A customer letter is a framing technique used early in discovery. You write a fictional letter - in the customer’s voice - set in the future, after they’ve been using your product. They describe the problem they had, what they tried before, how they found your product, and what’s different now. It’s deliberately narrative and emotional. That’s the point. It forces you to think about the customer’s experience holistically, not just the features you plan to build.

Why it works

Most product briefs describe what will be built. The customer letter describes how someone’s life will be better. That shift in perspective surfaces things a requirements doc never would:
  • Who specifically is the customer? (A vague letter reveals a vague customer definition)
  • What was their life like before? (Forces you to understand the problem, not just the solution)
  • What do they actually care about? (The emotional and social jobs, not just the functional ones)
  • Would a real customer ever write this? (A good smell test for whether your value proposition is credible)
If your team can’t agree on what the letter should say, that disagreement is valuable - it means you haven’t aligned on the basics yet. Better to find that out now than three sprints in 😅

How to write one

Keep it short - one page maximum. Write it in first person, from the customer’s perspective. Set it six to twelve months in the future. A simple structure:
  1. Who they are and what they were struggling with
  2. What they’d tried before and why it didn’t work
  3. How they discovered your product
  4. What changed - specifically, concretely
  5. Who they’ve told about it and why
Then share it with the team. Does everyone picture the same customer? Does the “before” feel real?
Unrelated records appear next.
lemma eventually_sgn_poly_pencil_eq:
  fixes p q :: "real poly" and C :: "real set"
  assumes "compact C" and nonzero: "\<forall>x\<in>C. poly (p + smult \<xi>\<^sub>0 q) x \<noteq> 0"
  shows "\<forall>\<^sub>F \<xi> in nhds \<xi>\<^sub>0. \<forall>x\<in>C. sgn (poly (p + smult \<xi> q) x) = sgn (poly (p + smult \<xi>\<^sub>0 q) x)"
proof (cases "C = {}")
  case False
  have "continuous_on C (\<lambda>x. \<bar>poly (p + smult \<xi>\<^sub>0 q) x\<bar>)"
    by (intro continuous_intros)
  then obtain z where "z \<in> C"
    and z: "\<forall>x\<in>C. \<bar>poly (p + smult \<xi>\<^sub>0 q) z\<bar> \<le> \<bar>poly (p + smult \<xi>\<^sub>0 q) x\<bar>"
    using continuous_attains_inf[OF assms(1) False] by blast
  define m where "m = \<bar>poly (p + smult \<xi>\<^sub>0 q) z\<bar>"
  have "m > 0" unfolding m_def using nonzero \<open>z \<in> C\<close> by simp
  have "continuous_on C (\<lambda>x. \<bar>poly q x\<bar>)"
    by (intro continuous_intros)
  then obtain y where y: "\<forall>x\<in>C. \<bar>poly q x\<bar> \<le> \<bar>poly q y\<bar>"
    using continuous_attains_sup[OF assms(1) False] by blast
  define M where "M = \<bar>poly q y\<bar> + 1"
  have "M > 0" and M: "\<forall>x\<in>C. \<bar>poly q x\<bar> \<le> M"
    unfolding M_def using y by force+
  show ?thesis
    unfolding eventually_nhds_metric
  proof (intro exI[of _ "m / M"] conjI allI impI ballI)
    show "m / M > 0" using \<open>m > 0\<close> \<open>M > 0\<close> by simp
    fix \<xi> x assume "dist \<xi> \<xi>\<^sub>0 < m / M" and "x \<in> C"
    have "\<bar>poly (p + smult \<xi> q) x - poly (p + smult \<xi>\<^sub>0 q) x\<bar> = \<bar>\<xi> - \<xi>\<^sub>0\<bar> * \<bar>poly q x\<bar>"
      by (simp add: algebra_simps abs_mult[symmetric])
    also have "\<dots> \<le> \<bar>\<xi> - \<xi>\<^sub>0\<bar> * M" using M \<open>x \<in> C\<close> by (simp add: mult_left_mono)
    also have "\<dots> < m"
      using \<open>dist \<xi> \<xi>\<^sub>0 < m / M\<close> \<open>M > 0\<close> by (simp add: dist_real_def pos_less_divide_eq)
    also have "\<dots> \<le> \<bar>poly (p + smult \<xi>\<^sub>0 q) x\<bar>" unfolding m_def using z \<open>x \<in> C\<close> by blast
    finally show "sgn (poly (p + smult \<xi> q) x) = sgn (poly (p + smult \<xi>\<^sub>0 q) x)"
      by (rule sgn_eq_if_abs_diff_less)
  qed
qed simp

lemma abs_poly_le_coeff_sum:
  fixes g :: "real poly"
  assumes "1 \<le> \<bar>x\<bar>"
  shows "\<bar>poly g x\<bar> \<le> (\<Sum>i\<le>degree g. \<bar>coeff g i\<bar>) * \<bar>x\<bar> ^ degree g"
proof -
  have "\<bar>poly g x\<bar> \<le> (\<Sum>i\<le>degree g. \<bar>coeff g i\<bar> * \<bar>x\<bar> ^ i)"
    unfolding poly_altdef by (rule order_trans[OF sum_abs]) (simp add: abs_mult power_abs)
  also have "\<dots> \<le> (\<Sum>i\<le>degree g. \<bar>coeff g i\<bar> * \<bar>x\<bar> ^ degree g)"
    by (intro sum_mono mult_left_mono power_increasing assms) auto
  finally show ?thesis by (simp add: sum_distrib_right)
qed

lemma monic_pencil_roots_bounded:
  fixes g :: "real poly"
  assumes "degree g < n"
  obtains R where "\<And>\<xi> x. \<bar>\<xi>\<bar> \<le> B \<Longrightarrow> R \<le> \<bar>x\<bar> \<Longrightarrow> poly (monom 1 n + smult \<xi> g) x \<noteq> 0"
proof -
  define C where "C = (\<Sum>i\<le>degree g. \<bar>coeff g i\<bar>)"
  have "C \<ge> 0" unfolding C_def by (simp add: sum_nonneg)
  have "poly (monom 1 n + smult \<xi> g) x \<noteq> 0" if \<xi>: "\<bar>\<xi>\<bar> \<le> B" and x: "\<bar>B\<bar> * C + 1 \<le> \<bar>x\<bar>" for \<xi> x
  proof -
    have x1: "1 \<le> \<bar>x\<bar>" using x \<open>C \<ge> 0\<close> by (smt (verit) mult_nonneg_nonneg abs_ge_zero)
    have "\<bar>\<xi> * poly g x\<bar> \<le> \<bar>B\<bar> * (C * \<bar>x\<bar> ^ degree g)"
      unfolding abs_mult C_def using \<xi> abs_poly_le_coeff_sum[OF x1, of g]
      by (intro mult_mono) auto
    also have "\<dots> < \<bar>x\<bar> * \<bar>x\<bar> ^ degree g"
      using x x1 by (simp add: mult.assoc[symmetric] mult_strict_right_mono)
    also have "\<dots> \<le> \<bar>x\<bar> ^ n"
      using power_increasing[OF Suc_leI[OF assms] x1] by simp
    finally have "\<bar>\<xi> * poly g x\<bar> < \<bar>x ^ n\<bar>" by (simp add: power_abs)
    then show ?thesis by (auto simp: poly_monom add_eq_0_iff2)
  qed
  then show ?thesis by (rule that)
qed

text \<open>Writing \<open>p = (x - x\<^sub>0) r\<close> with \<open>r(x\<^sub>0) = p'(x\<^sub>0) \<noteq> 0\<close>, the product
  \<open>p(x\<^sub>0 - \<delta>) p(x\<^sub>0 + \<delta>) = -\<delta>\<^sup>2 r(x\<^sub>0 - \<delta>) r(x\<^sub>0 + \<delta>)\<close> is negative for small \<open>\<delta>\<close>.\<close>

lemma simple_root_sign_change:
  fixes p :: "real poly"
  assumes "poly p x\<^sub>0 = 0" and "poly (pderiv p) x\<^sub>0 \<noteq> 0"
  shows "\<forall>\<^sub>F \<delta> in at_right 0. poly p (x\<^sub>0 - \<delta>) * poly p (x\<^sub>0 + \<delta>) < 0"
proof -
  obtain r where p: "p = [:- x\<^sub>0, 1:] * r"
    using assms(1) unfolding poly_eq_0_iff_dvd by (auto elim: dvdE)
  have "poly (pderiv p) x\<^sub>0 = poly r x\<^sub>0"
    unfolding p pderiv_mult by (simp add: pderiv_pCons)
  then have "poly r x\<^sub>0 * poly r x\<^sub>0 > 0" using assms(2) not_real_square_gt_zero by metis
  moreover have "((\<lambda>\<delta>. poly r (x\<^sub>0 - \<delta>) * poly r (x\<^sub>0 + \<delta>)) \<longlongrightarrow> poly r x\<^sub>0 * poly r x\<^sub>0) (at_right 0)"
    by (intro tendsto_intros tendsto_eq_intros) auto
  ultimately have "\<forall>\<^sub>F \<delta> in at_right 0. poly r (x\<^sub>0 - \<delta>) * poly r (x\<^sub>0 + \<delta>) > 0"
    by (intro order_tendstoD(1))
  with eventually_at_right_less[of 0]
  show ?thesis
  proof eventually_elim
    case (elim \<delta>)
    have "poly p (x\<^sub>0 - \<delta>) * poly p (x\<^sub>0 + \<delta>) = - (\<delta> * \<delta> * (poly r (x\<^sub>0 - \<delta>) * poly r (x\<^sub>0 + \<delta>)))"
      unfolding p by (simp add: algebra_simps)
    moreover have "0 < \<delta> * \<delta> * (poly r (x\<^sub>0 - \<delta>) * poly r (x\<^sub>0 + \<delta>))"
      using elim by (metis mult_pos_pos)
    ultimately show ?case by linarith
  qed
qed

lemma poly_ex1_root_between:
  fixes p :: "real poly"
  assumes "a < b" and "poly p a * poly p b < 0" and "\<forall>x\<in>{a..b}. poly (pderiv p) x \<noteq> 0"
  shows "\<exists>!x. poly p x = 0 \<and> x \<in> {a<..<b}"
proof (rule ex_ex1I)
  show "\<exists>x. poly p x = 0 \<and> x \<in> {a<..<b}" using poly_IVT[OF assms(1,2)] by auto
next
  have no_two: False
    if uw: "u < w" "u \<in> {a<..<b}" "w \<in> {a<..<b}" "poly p u = 0" "poly p w = 0" for u w
  proof -
    obtain z where "u < z" "z < w" and "poly p w - poly p u = (w - u) * poly (pderiv p) z"
      using poly_MVT[OF uw(1)] by blast
    then have "poly (pderiv p) z = 0" using uw by simp
    moreover have "z \<in> {a..b}" using \<open>u < z\<close> \<open>z < w\<close> uw(2,3) by auto
    ultimately show False using assms(3) by blast
  qed
  show "x = y" if "poly p x = 0 \<and> x \<in> {a<..<b}" "poly p y = 0 \<and> y \<in> {a<..<b}" for x y
    using no_two[of x y] no_two[of y x] that by (cases x y rule: linorder_cases) auto
qed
Does the “after” feel credible and specific?

Pairing it with other framing tools

The customer letter works well alongside the Opportunity Assessment - the assessment gives you the structured framing, the letter gives you the human one. Together they cover both the analytical and the empathetic side of problem framing. Lesson learned: the teams that find the customer letter exercise most uncomfortable are usually the ones that need it most 👊 Discomfort means the assumptions haven’t been stress-tested yet.